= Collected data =
(* Let $T=T(n,a,b)$ with $a\ge 0$, $b\ge a+2$ and $2(a+b)<n-1$, let $\ell=n-a-b$ and $x=x(T)$. Let $e$ be the edge of $T$ containing both $v_{\ell-b}$ and $v_{\ell-b+1}$, and let $T_1$ and $T_2$ be the components of $T-e$ containing $v_{\ell-b}$ and $v_{\ell-b+1}$, respectively. If $b\ge\frac{\ell}{2}$, then $\sigma_T(T_1)<\sigma_T(T_2)$.
   Context: Hypergraphs have edges that are vertex subsets of size at least two; distance $d_T(u,v)$ in a hypertree is the length of a shortest loose path (an alternating sequence of distinct vertices and distinct edges $(v_0,e_1,v_1,\dots,e_p,v_p)$ with $v_{i-1},v_i\in e_i$ and non-consecutive edges disjoint). $D(T)$ is the distance matrix, $\rho(T)$ its largest eigenvalue, $x(T)$ the unit positive eigenvector for $\rho(T)$. $T-e$ has vertex set $V(T)$ and edge set $E(T)\setminus\{e\}$. For a subhypergraph $H$, $\sigma_T(H)=\sum_{v\in V(H)}x_v$. For integers $n,a,b$ with $0\le a\le b$ and $a+b\le\lfloor\frac{n-1}{2}\rfloor$, put $\ell=n-a-b$ and $I=\{1,\dots,a\}\cup\{\ell-b,\dots,\ell-1\}$; $T(n,a,b)$ is the hypertree with vertex set $\{v_1,\dots,v_\ell\}\cup\{w_i:i\in I\}$ and edges $\{v_i,w_i,v_{i+1}\}$ for $i\in I$ and $\{v_i,v_{i+1}\}$ for $i\in\{1,\dots,\ell-1\}\setminus I$. *)

theory Defs
  imports Complex_Main
begin

definition loose_path :: "'a set set \<Rightarrow> 'a list \<Rightarrow> 'a set list \<Rightarrow> bool" where
  "loose_path E vs es \<longleftrightarrow>
     length vs = length es + 1 \<and> distinct vs \<and> distinct es \<and> set es \<subseteq> E \<and>
     (\<forall>i<length es. vs ! i \<in> es ! i \<and> vs ! Suc i \<in> es ! i) \<and>
     (\<forall>i j. Suc i < j \<and> j < length es \<longrightarrow> es ! i \<inter> es ! j = {})"

definition hdist :: "'a set set \<Rightarrow> 'a \<Rightarrow> 'a \<Rightarrow> nat" where
  "hdist E u v = (LEAST p. \<exists>vs es. loose_path E vs es \<and> hd vs = u \<and> last vs = v \<and> length es = p)"

definition dist_spec_radius :: "'a set \<Rightarrow> 'a set set \<Rightarrow> real" where
  "dist_spec_radius V E = Max {r. \<exists>y :: 'a \<Rightarrow> real. (\<exists>u\<in>V. y u \<noteq> 0) \<and>
      (\<forall>u\<in>V. (\<Sum>v\<in>V. real (hdist E u v) * y v) = r * y u)}"

definition perron_vector :: "'a set \<Rightarrow> 'a set set \<Rightarrow> ('a \<Rightarrow> real) \<Rightarrow> bool" where
  "perron_vector V E x \<longleftrightarrow> (\<forall>v\<in>V. x v > 0) \<and> (\<Sum>v\<in>V. (x v)\<^sup>2) = 1 \<and>
     (\<forall>u\<in>V. (\<Sum>v\<in>V. real (hdist E u v) * x v) = dist_spec_radius V E * x u)"

definition hcomponent :: "'a set \<Rightarrow> 'a set set \<Rightarrow> 'a \<Rightarrow> 'a set" where
  "hcomponent V E v = {u\<in>V. (v, u) \<in> {(x, y). \<exists>f\<in>E. x \<in> f \<and> y \<in> f}\<^sup>*}"

datatype vtx = V nat | W nat

definition Tidx :: "nat \<Rightarrow> nat \<Rightarrow> nat \<Rightarrow> nat set" where
  "Tidx n a b = (let l = n - a - b in {1..a} \<union> {l - b..l - 1})"

definition Tverts :: "nat \<Rightarrow> nat \<Rightarrow> nat \<Rightarrow> vtx set" where
  "Tverts n a b = (let l = n - a - b in V ` {1..l} \<union> W ` Tidx n a b)"

definition Tedges :: "nat \<Rightarrow> nat \<Rightarrow> nat \<Rightarrow> vtx set set" where
  "Tedges n a b = (let l = n - a - b in
      (\<lambda>i. {V i, W i, V (Suc i)}) ` Tidx n a b \<union>
      (\<lambda>i. {V i, V (Suc i)}) ` ({1..l - 1} - Tidx n a b))"

end

theory Submission
  imports Defs
begin

text \<open>Measure positions along the spine of \<open>T(n,a,b)\<close> in half-edges: \<open>v\<^sub>i\<close> sits at \<open>2i\<close> and the
  pendant vertex \<open>w\<^sub>i\<close> of the edge \<open>{v\<^sub>i, w\<^sub>i, v\<^sub>i\<^sub>+\<^sub>1}\<close> at \<open>2i + 1\<close>. Twice the distance of two
  vertices is then the difference of their positions plus one for each pendant endpoint. With
  \<open>p = \<ell> - b\<close>, the edge \<open>e\<close> has its pendant vertex \<open>w\<^sub>p\<close> at \<open>c = 2p + 1\<close>, and \<open>T\<^sub>1\<close>, \<open>T\<^sub>2\<close> consist
  of the vertices below and above \<open>c\<close>. Since \<open>2p \<le> \<ell>\<close> and \<open>p \<ge> a + 2\<close>, the reflection \<open>\<phi>\<close> about \<open>c\<close>
  maps \<open>T\<^sub>1\<close> injectively into \<open>T\<^sub>2\<close>, missing \<open>w\<^sub>p\<^sub>+\<^sub>1\<close>.

  Subtracting the eigen-equations of \<open>x\<close> at \<open>u\<close> and at \<open>\<phi> u\<close> and using how \<open>\<phi>\<close> changes distances
  shows: the vector \<open>y = x \<circ> \<phi> - x\<close> on \<open>T\<^sub>1\<close>, plus the weight of \<open>T\<^sub>2 - \<phi>(T\<^sub>1)\<close> placed at \<open>v\<^sub>1\<close>,
  satisfies \<open>(\<rho> + h u) y u + (\<Sum>w. min (s u) (s w) y w) \<ge> 0\<close> for \<open>s u = c - pos u\<close> and \<open>h\<close> the
  indicator of pendant vertices, strictly at \<open>v\<^sub>1\<close>. Such a vector has positive sum, and its sum
  is \<open>\<sigma>\<^sub>T(T\<^sub>2) - \<sigma>\<^sub>T(T\<^sub>1)\<close>.\<close>

section \<open>Comparing a positive eigenvector across a reflection\<close>

lemma min_kernel_sum_pos:
  fixes A :: "'a set" and y S H :: "'a \<Rightarrow> real" and \<rho> :: real
  assumes fin: "finite A" and \<rho>: "\<rho> > 0"
    and S_pos: "\<And>u. u \<in> A \<Longrightarrow> S u > 0" and H_nonneg: "\<And>u. u \<in> A \<Longrightarrow> H u \<ge> 0"
    and nonneg: "\<And>u. u \<in> A \<Longrightarrow> (\<rho> + H u) * y u + (\<Sum>w\<in>A. min (S u) (S w) * y w) \<ge> 0"
    and "u1 \<in> A" and pos: "(\<rho> + H u1) * y u1 + (\<Sum>w\<in>A. min (S u1) (S w) * y w) > 0"
  shows "(\<Sum>w\<in>A. y w) > 0"
proof (rule ccontr)
  assume sum_nonpos: "\<not> (\<Sum>w\<in>A. y w) > 0"
  \<comment> \<open>At a negative entry of least \<open>S\<close>, the row is at most \<open>(\<rho> + H u\<^sub>0) y u\<^sub>0 + S u\<^sub>0 \<Sum> y < 0\<close>.\<close>
  have y_nonneg: "y u \<ge> 0" if "u \<in> A" for u
  proof (rule ccontr)
    assume "\<not> y u \<ge> 0"
    define N where "N = {u\<in>A. y u < 0}"
    have "N \<noteq> {}" "finite N" using \<open>u \<in> A\<close> \<open>\<not> y u \<ge> 0\<close> fin unfolding N_def by auto
    then obtain u0 where u0: "u0 \<in> N" and u0_least: "\<And>w. w \<in> N \<Longrightarrow> S u0 \<le> S w"
      using arg_min_if_finite[of N S] by (metis arg_min_least)
    have "u0 \<in> A" "y u0 < 0" using u0 unfolding N_def by auto
    have "min (S u0) (S w) * y w \<le> S u0 * y w" if "w \<in> A" for w
      using that u0_least[of w] unfolding N_def by (cases "y w < 0") (auto simp: mult_right_mono)
    then have "(\<Sum>w\<in>A. min (S u0) (S w) * y w) \<le> S u0 * (\<Sum>w\<in>A. y w)"
      by (simp add: sum_distrib_left sum_mono)
    also have "\<dots> \<le> 0"
      using sum_nonpos S_pos[OF \<open>u0 \<in> A\<close>] by (simp add: mult_nonneg_nonpos)
    finally have "(\<rho> + H u0) * y u0 \<ge> 0" using nonneg[OF \<open>u0 \<in> A\<close>] by linarith
    moreover have "\<rho> + H u0 > 0" using \<rho> H_nonneg[OF \<open>u0 \<in> A\<close>] by linarith
    ultimately show False using \<open>y u0 < 0\<close> by (simp add: zero_le_mult_iff)
  qed
  then have "\<forall>w\<in>A. y w = 0"
    using sum_nonpos sum_nonneg_eq_0_iff[OF fin] by (metis linorder_not_le order_antisym sum_nonneg)
  then show False using pos \<open>u1 \<in> A\<close> by simp
qed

= PROBLEM TO WORK ON =
All that is wanted is the stretch of lines above from the one containing "datatype vtx = V nat | W nat" through the one containing "- a - b in V", duplicated exactly.

= ANSWER BOX =
datatype vtx = V nat | W nat

definition Tidx :: "nat \<Rightarrow> nat \<Rightarrow> nat \<Rightarrow> nat set" where
  "Tidx n a b = (let l = n - a - b in {1..a} \<union> {l - b..l - 1})"

definition Tverts :: "nat \<Rightarrow> nat \<Rightarrow> nat \<Rightarrow> vtx set" where
  "Tverts n a b = (let l = n - a - b in V ` {1..l} \<union> W ` Tidx n a b)"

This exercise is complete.